# What the task requires
Determine which lines of the records include the word "equiv", and copy them.
☆ ☆ ☆ ☆ ☆ ☆ ☆
definition dagger_kernel_category :: "('o, 'm) dcat \<Rightarrow> bool" where
  "dagger_kernel_category C \<longleftrightarrow> dagger_category C
   \<and> (\<exists>z. zero_obj C z)
   \<and> (\<forall>s \<in> Mor C. \<exists>k. is_kernel C s k \<and> dagger_mono C k)"

definition foulis_semigroup ::
  "'a set \<Rightarrow> ('a \<Rightarrow> 'a \<Rightarrow> 'a) \<Rightarrow> 'a \<Rightarrow> ('a \<Rightarrow> 'a) \<Rightarrow> ('a \<Rightarrow> 'a) \<Rightarrow> bool" where
  "foulis_semigroup S mult one dag br \<longleftrightarrow>
     (\<forall>s \<in> S. \<forall>t \<in> S. mult s t \<in> S) \<and> one \<in> S
   \<and> (\<forall>s \<in> S. dag s \<in> S) \<and> (\<forall>s \<in> S. br s \<in> S)
   \<and> (\<forall>s \<in> S. \<forall>t \<in> S. \<forall>u \<in> S. mult (mult s t) u = mult s (mult t u))
   \<and> (\<forall>s \<in> S. mult one s = s \<and> mult s one = s)
   \<and> dag one = one
   \<and> (\<forall>s \<in> S. \<forall>t \<in> S. dag (mult s t) = mult (dag t) (dag s))
   \<and> (\<forall>s \<in> S. dag (dag s) = s)
   \<and> (\<forall>s \<in> S. mult (br s) (br s) = br s \<and> br s = dag (br s))
   \<and> (\<forall>s \<in> S. mult (br one) s = br one \<and> mult s (br one) = br one)
   \<and> (\<forall>s \<in> S. \<forall>x \<in> S. mult s x = br one \<longleftrightarrow> (\<exists>y \<in> S. x = mult (br s) y))"

definition End_map :: "('o, 'm) dcat \<Rightarrow> 'm \<Rightarrow> 'm \<Rightarrow> 'm" where
  "End_map C f = (\<lambda>s \<in> End C (Dom C f). Comp C f (Comp C s (Dag C f)))"

end

theory Submission
  imports Defs
begin

section \<open>Category and dagger laws on hom-sets\<close>

lemma mor_hom: "f \<in> Mor C \<Longrightarrow> f \<in> Hom C (Dom C f) (Cod C f)"
  by (simp add: Hom_def)

lemma hom_dom: "f \<in> Hom C A B \<Longrightarrow> Dom C f = A"
  by (simp add: Hom_def)

lemma comp_hom: "category C \<Longrightarrow> f \<in> Hom C A B \<Longrightarrow> g \<in> Hom C B D \<Longrightarrow> Comp C g f \<in> Hom C A D"
  unfolding category_def Hom_def by auto

lemma id_hom: "category C \<Longrightarrow> A \<in> Obj C \<Longrightarrow> Id C A \<in> Hom C A A"
  unfolding category_def by auto

lemma id_left: "category C \<Longrightarrow> f \<in> Hom C A B \<Longrightarrow> Comp C (Id C B) f = f"
  unfolding category_def Hom_def by auto

lemma id_right: "category C \<Longrightarrow> f \<in> Hom C A B \<Longrightarrow> Comp C f (Id C A) = f"
  unfolding category_def Hom_def by auto

lemma comp_assoc: "category C \<Longrightarrow> f \<in> Hom C A B \<Longrightarrow> g \<in> Hom C B D \<Longrightarrow> h \<in> Hom C D E
   \<Longrightarrow> Comp C h (Comp C g f) = Comp C (Comp C h g) f"
  unfolding category_def Hom_def by auto

lemma hom_objs: "category C \<Longrightarrow> f \<in> Hom C A B \<Longrightarrow> A \<in> Obj C \<and> B \<in> Obj C"
  unfolding category_def Hom_def by auto

lemma dagger_category_category: "dagger_category C \<Longrightarrow> category C"
  unfolding dagger_category_def by auto

lemma dag_hom: "dagger_category C \<Longrightarrow> f \<in> Hom C A B \<Longrightarrow> Dag C f \<in> Hom C B A"
  unfolding dagger_category_def Hom_def by auto

lemma dag_comp: "dagger_category C \<Longrightarrow> f \<in> Hom C A B \<Longrightarrow> g \<in> Hom C B D \<Longrightarrow>
   Dag C (Comp C g f) = Comp C (Dag C f) (Dag C g)"
  unfolding dagger_category_def Hom_def by auto

lemma dag_dag: "dagger_category C \<Longrightarrow> f \<in> Hom C A B \<Longrightarrow> Dag C (Dag C f) = f"
  unfolding dagger_category_def Hom_def by auto

lemma dag_id: "dagger_category C \<Longrightarrow> A \<in> Obj C \<Longrightarrow> Dag C (Id C A) = Id C A"
  unfolding dagger_category_def by auto

section \<open>The functor X \<mapsto> End(X)\<close>

lemma End_map_funcset:
  assumes dc: "dagger_category C" and f: "f \<in> Mor C"
  shows "End_map C f \<in> End C (Dom C f) \<rightarrow>\<^sub>E End C (Cod C f)"
proof -
  have cat: "category C" using dc by (rule dagger_category_category)
  have fh: "f \<in> Hom C (Dom C f) (Cod C f)" using f by (rule mor_hom)
  have "Comp C f (Comp C s (Dag C f)) \<in> End C (Cod C f)" if "s \<in> End C (Dom C f)" for s
    using that comp_hom[OF cat comp_hom[OF cat dag_hom[OF dc fh]] fh] by (simp add: End_def)
  then show ?thesis unfolding End_map_def by auto
qed

lemma End_map_id:
  assumes dc: "dagger_category C" and Y: "Y \<in> Obj C"
  shows "End_map C (Id C Y) = (\<lambda>s \<in> End C Y. s)"
proof -
  have cat: "category C" using dc by (rule dagger_category_category)
  have dom_id: "Dom C (Id C Y) = Y" using hom_dom[OF id_hom[OF cat Y]] .
  have "Comp C (Id C Y) (Comp C s (Dag C (Id C Y))) = s" if "s \<in> Hom C Y Y" for s
    using dag_id[OF dc Y] id_right[OF cat that] id_left[OF cat that] by simp
  then show ?thesis unfolding End_map_def End_def dom_id by (intro restrict_ext) simp
qed

lemma End_map_comp:
  assumes dc: "dagger_category C" and f: "f \<in> Mor C" and g: "g \<in> Mor C"
    and fg: "Cod C f = Dom C g"
  shows "End_map C (Comp C g f) = compose (End C (Dom C f)) (End_map C g) (End_map C f)"
proof -
  let ?A = "Dom C f" and ?B = "Dom C g" and ?D = "Cod C g"
  have cat: "category C" using dc by (rule dagger_category_category)
  have fh: "f \<in> Hom C ?A ?B" using mor_hom[OF f] fg by simp
  have gh: "g \<in> Hom C ?B ?D" using mor_hom[OF g] .
  have fd: "Dag C f \<in> Hom C ?B ?A" and gd: "Dag C g \<in> Hom C ?D ?B"
    using dag_hom[OF dc fh] dag_hom[OF dc gh] .
  have dom_gf: "Dom C (Comp C g f) = ?A" using hom_dom[OF comp_hom[OF cat fh gh]] .
  have conj: "Comp C (Comp C g f) (Comp C s (Dag C (Comp C g f)))
      = Comp C g (Comp C (Comp C f (Comp C s (Dag C f))) (Dag C g))"
    if s: "s \<in> Hom C ?A ?A" for s
  proof -
    have sf: "Comp C s (Dag C f) \<in> Hom C ?B ?A" using comp_hom[OF cat fd s] .
    have "Comp C (Comp C g f) (Comp C s (Dag C (Comp C g f)))
        = Comp C (Comp C g f) (Comp C (Comp C s (Dag C f)) (Dag C g))"
      using dag_comp[OF dc fh gh] comp_assoc[OF cat gd fd s] by simp
    also have "\<dots> = Comp C g (Comp C f (Comp C (Comp C s (Dag C f)) (Dag C g)))"
      using comp_assoc[OF cat comp_hom[OF cat gd sf] fh gh] by simp
    also have "\<dots> = Comp C g (Comp C (Comp C f (Comp C s (Dag C f))) (Dag C g))"
      using comp_assoc[OF cat gd sf fh] by simp
    finally show ?thesis .
  qed
  have "Comp C f (Comp C s (Dag C f)) \<in> End C ?B" if "s \<in> Hom C ?A ?A" for s
    using comp_hom[OF cat comp_hom[OF cat fd that] fh] by (simp add: End_def)
  with conj show ?thesis
    unfolding compose_def End_map_def dom_gf by (intro restrict_ext) (simp add: End_def)
qed

section \<open>Zero morphisms\<close>

lemma zero_obj_unique_maps:
  assumes "zero_obj C z" "Y \<in> Obj C"
  shows "(THE f. f \<in> Hom C z Y) \<in> Hom C z Y" "(THE f. f \<in> Hom C Y z) \<in> Hom C Y z"
    and "f \<in> Hom C z Y \<Longrightarrow> f = (THE f. f \<in> Hom C z Y)"
    and "g \<in> Hom C Y z \<Longrightarrow> g = (THE f. f \<in> Hom C Y z)"
proof -
  have from_z: "\<exists>!f. f \<in> Hom C z Y" and to_z: "\<exists>!f. f \<in> Hom C Y z"
    using assms unfolding zero_obj_def by blast+
  show "(THE f. f \<in> Hom C z Y) \<in> Hom C z Y" using theI'[OF from_z] .
  show "(THE f. f \<in> Hom C Y z) \<in> Hom C Y z" using theI'[OF to_z] .
  show "f \<in> Hom C z Y \<Longrightarrow> f = (THE f. f \<in> Hom C z Y)" using from_z the1_equality by metis
  show "g \<in> Hom C Y z \<Longrightarrow> g = (THE f. f \<in> Hom C Y z)" using to_z the1_equality by metis
qed

locale zero_dagger_category =
  fixes C :: "('o, 'm) dcat"
  assumes dc: "dagger_category C" and has_zero: "\<exists>z. zero_obj C z"
begin

definition zero :: 'o where "zero = (SOME z. zero_obj C z)"

abbreviation from_zero :: "'o \<Rightarrow> 'm" where "from_zero Y \<equiv> THE f. f \<in> Hom C zero Y"
abbreviation to_zero :: "'o \<Rightarrow> 'm" where "to_zero Y \<equiv> THE f. f \<in> Hom C Y zero"

lemma cat: "category C"
  using dc by (rule dagger_category_category)

lemma zero_obj_zero: "zero_obj C zero"
  using has_zero unfolding zero_def by (rule someI_ex)

lemmas from_zero_hom = zero_obj_unique_maps(1)[OF zero_obj_zero]
   and to_zero_hom = zero_obj_unique_maps(2)[OF zero_obj_zero]
   and from_zero_unique = zero_obj_unique_maps(3)[OF zero_obj_zero]
   and to_zero_unique = zero_obj_unique_maps(4)[OF zero_obj_zero]

lemma zero_mor_eq: "zero_mor C X Y = Comp C (from_zero Y) (to_zero X)"
  unfolding zero_mor_def zero_def Let_def by simp

lemma zero_mor_left:
  assumes X: "X \<in> Obj C" and f: "f \<in> Hom C Y Z"
  shows "Comp C f (zero_mor C X Y) = zero_mor C X Z"
proof -
  have Y: "Y \<in> Obj C" and Z: "Z \<in> Obj C" using hom_objs[OF cat f] by auto
  have "Comp C f (from_zero Y) = from_zero Z"
    using from_zero_unique[OF Z comp_hom[OF cat from_zero_hom[OF Y] f]] .
  then show ?thesis
    unfolding zero_mor_eq using comp_assoc[OF cat to_zero_hom[OF X] from_zero_hom[OF Y] f] by simp
qed

lemma zero_mor_right:
  assumes Z: "Z \<in> Obj C" and f: "f \<in> Hom C X Y"
  shows "Comp C (zero_mor C Y Z) f = zero_mor C X Z"
proof -
  have X: "X \<in> Obj C" and Y: "Y \<in> Obj C" using hom_objs[OF cat f] by auto
  have "Comp C (to_zero Y) f = to_zero X"
    using to_zero_unique[OF X comp_hom[OF cat f to_zero_hom[OF Y]]] .
  then show ?thesis
    unfolding zero_mor_eq using comp_assoc[OF cat f to_zero_hom[OF Y] from_zero_hom[OF Z]] by simp
qed

end

section \<open>Kernel projections\<close>

locale chosen_dagger_kernels = zero_dagger_category C for C :: "('o, 'm) dcat" +
  fixes ker :: "'m \<Rightarrow> 'm"
  assumes ker_spec: "\<forall>s \<in> Mor C. is_kernel C s (ker s) \<and> dagger_mono C (ker s)"
begin

definition kernel_proj :: "'m \<Rightarrow> 'm" where
  "kernel_proj s = Comp C (ker s) (Dag C (ker s))"

abbreviation ker_obj :: "'m \<Rightarrow> 'o" where "ker_obj s \<equiv> Dom C (ker s)"

lemma ker_facts:
  assumes s: "s \<in> Hom C X Y"
  shows "ker s \<in> Hom C (ker_obj s) X"
    and "Comp C s (ker s) = zero_mor C (ker_obj s) Y"
    and "Comp C (Dag C (ker s)) (ker s) = Id C (ker_obj s)"
    and "W \<in> Obj C \<Longrightarrow> t \<in> Hom C W X \<Longrightarrow> Comp C s t = zero_mor C W Y \<Longrightarrow>
        \<exists>g \<in> Hom C W (ker_obj s). Comp C (ker s) g = t"
proof -
  have sm: "s \<in> Mor C" "Dom C s = X" "Cod C s = Y" using s by (auto simp: Hom_def)
  have K: "is_kernel C s (ker s)" "dagger_mono C (ker s)" using ker_spec sm(1) by auto
  show "ker s \<in> Hom C (ker_obj s) X" "Comp C s (ker s) = zero_mor C (ker_obj s) Y"
    using K(1) sm unfolding is_kernel_def Hom_def by simp_all
  show "Comp C (Dag C (ker s)) (ker s) = Id C (ker_obj s)"
    using K(2) unfolding dagger_mono_def by simp
  show "W \<in> Obj C \<Longrightarrow> t \<in> Hom C W X \<Longrightarrow> Comp C s t = zero_mor C W Y \<Longrightarrow>
        \<exists>g \<in> Hom C W (ker_obj s). Comp C (ker s) g = t"
    using K(1) sm unfolding is_kernel_def by blast
qed

lemma kernel_proj_hom: "s \<in> Hom C X Y \<Longrightarrow> kernel_proj s \<in> Hom C X X"
  unfolding kernel_proj_def using ker_facts(1) comp_hom[OF cat] dag_hom[OF dc] by blast

text \<open>[s] is an idempotent, because (ker s)^dagger o ker s = id.\<close>

lemma kernel_proj_idem:
  assumes s: "s \<in> Hom C X Y"
  shows "Comp C (kernel_proj s) (kernel_proj s) = kernel_proj s"
proof -
  let ?k = "ker s"
  have k: "?k \<in> Hom C (ker_obj s) X" using ker_facts(1)[OF s] .
  have kd: "Dag C ?k \<in> Hom C X (ker_obj s)" using dag_hom[OF dc k] .
  have "Comp C (Comp C ?k (Dag C ?k)) (Comp C ?k (Dag C ?k))
      = Comp C ?k (Comp C (Comp C (Dag C ?k) ?k) (Dag C ?k))"
    using comp_assoc[OF cat comp_hom[OF cat kd k] kd k] comp_assoc[OF cat kd k kd] by simp
  also have "\<dots> = Comp C ?k (Dag C ?k)" using ker_facts(3)[OF s] id_left[OF cat kd] by simp
  finally show ?thesis unfolding kernel_proj_def .
qed
definition Hbar :: "(real \<Rightarrow> (real^'d) \<times> (real^'d) \<Rightarrow> real) \<Rightarrow> real \<Rightarrow> real" where
  "Hbar W z = 1/2 * (norm (pbar W z))\<^sup>2"

text \<open>R = 2 pi \<integral> Phi(0,q) |q|^2 dq.  For the Fokker-Planck operator,
  2 trace D = 2 pi \<integral> Phi(0,q) |q|^2 dq as well, so R is the same in both cases.\<close>
definition Rcoef :: "(real \<Rightarrow> real^'d \<Rightarrow> real) \<Rightarrow> real" where
  "Rcoef \<Phi> = 2 * pi * (\<integral>q. \<Phi> 0 q * (norm q)\<^sup>2 \<partial>lborel)"

definition rapidly_decaying :: "(real \<Rightarrow> real^'d \<Rightarrow> real) \<Rightarrow> bool" where
  "rapidly_decaying \<Phi> \<longleftrightarrow> (\<forall>n::nat. \<exists>C. \<forall>w q. (1 + norm (w, q)) ^ n * \<bar>\<Phi> w q\<bar> \<le> C)"

definition Fpoly :: "real \<Rightarrow> real \<Rightarrow> real \<Rightarrow> real \<Rightarrow> real \<Rightarrow> real \<Rightarrow> real \<Rightarrow> real" where
  "Fpoly ds R Vx0 Vxp0 H0 Hb z = Vx0 + 2 * Vxp0 * z + ds * (H0 - Hb) * z\<^sup>2 + ds * R / 3 * z ^ 3"

definition zblow :: "real \<Rightarrow> real \<Rightarrow> real \<Rightarrow> real \<Rightarrow> real \<Rightarrow> real" where
  "zblow ds R Vxp0 H0 Hb = (Hb - H0 + sqrt ((H0 - Hb)\<^sup>2 - 2 * R * Vxp0 / ds)) / R"

end

theory Submission
  imports Defs
begin

(* Virial argument. The weak formulation gives Vx' = 2 Vxp and
   Vxp' = Vp - d sigma g/(sigma+1) \<integral>rho^(sigma+1). Since Hbar is conserved, the Hamiltonian
   H = Vp/2 + Hbar - g/(sigma+1) \<integral>rho^(sigma+1) turns this into
   Vxp' = d sigma (H - Hbar) - (d sigma/2 - 1) Vp, and the energy law H = H(0) + R z/2 together
   with d sigma >= 2 bounds Vxp' by a linear function of z. Integrating twice gives Vx(z) <= F(z)
   for z >= 0 (even with d sigma R/6 in place of d sigma R/3). The sign hypotheses make z0 >= 0,
   so a solution living beyond z0 would have 0 < Vx(z0) <= F(z0) <= 0. *)

lemma DERIV_le_imp_diff_le:
  fixes f g :: "real \<Rightarrow> real"
  assumes "a \<le> b"
    and f: "\<And>x. x \<in> {a..b} \<Longrightarrow> (f has_real_derivative f' x) (at x within {a..b})"
    and g: "\<And>x. x \<in> {a..b} \<Longrightarrow> (g has_real_derivative g' x) (at x within {a..b})"
    and le: "\<And>x. x \<in> {a..b} \<Longrightarrow> f' x \<le> g' x"
  shows "f b - f a \<le> g b - g a"
proof -
  have diff: "((\<lambda>x. g x - f x) has_derivative (*) (g' x - f' x)) (at x within {a..b})"
    if "a \<le> x" "x \<le> b" for x
    using f g that by (auto simp: has_field_derivative_def[symmetric] intro: DERIV_diff)
  then obtain x where "x \<in> {a..b}" "(g b - f b) - (g a - f a) = (g' x - f' x) * (b - a)"
    using mvt_very_simple[OF \<open>a \<le> b\<close> diff] by auto
  moreover have "0 \<le> (g' x - f' x) * (b - a)"
    using le[OF \<open>x \<in> {a..b}\<close>] \<open>a \<le> b\<close> by simp
  ultimately show ?thesis
    by simp
qed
☆ ☆ ☆ ☆ ☆ ☆ ☆
# Reply
abbreviation from_zero :: "'o \<Rightarrow> 'm" where "from_zero Y \<equiv> THE f. f \<in> Hom C zero Y"
abbreviation to_zero :: "'o \<Rightarrow> 'm" where "to_zero Y \<equiv> THE f. f \<in> Hom C Y zero"
abbreviation ker_obj :: "'m \<Rightarrow> 'o" where "ker_obj s \<equiv> Dom C (ker s)"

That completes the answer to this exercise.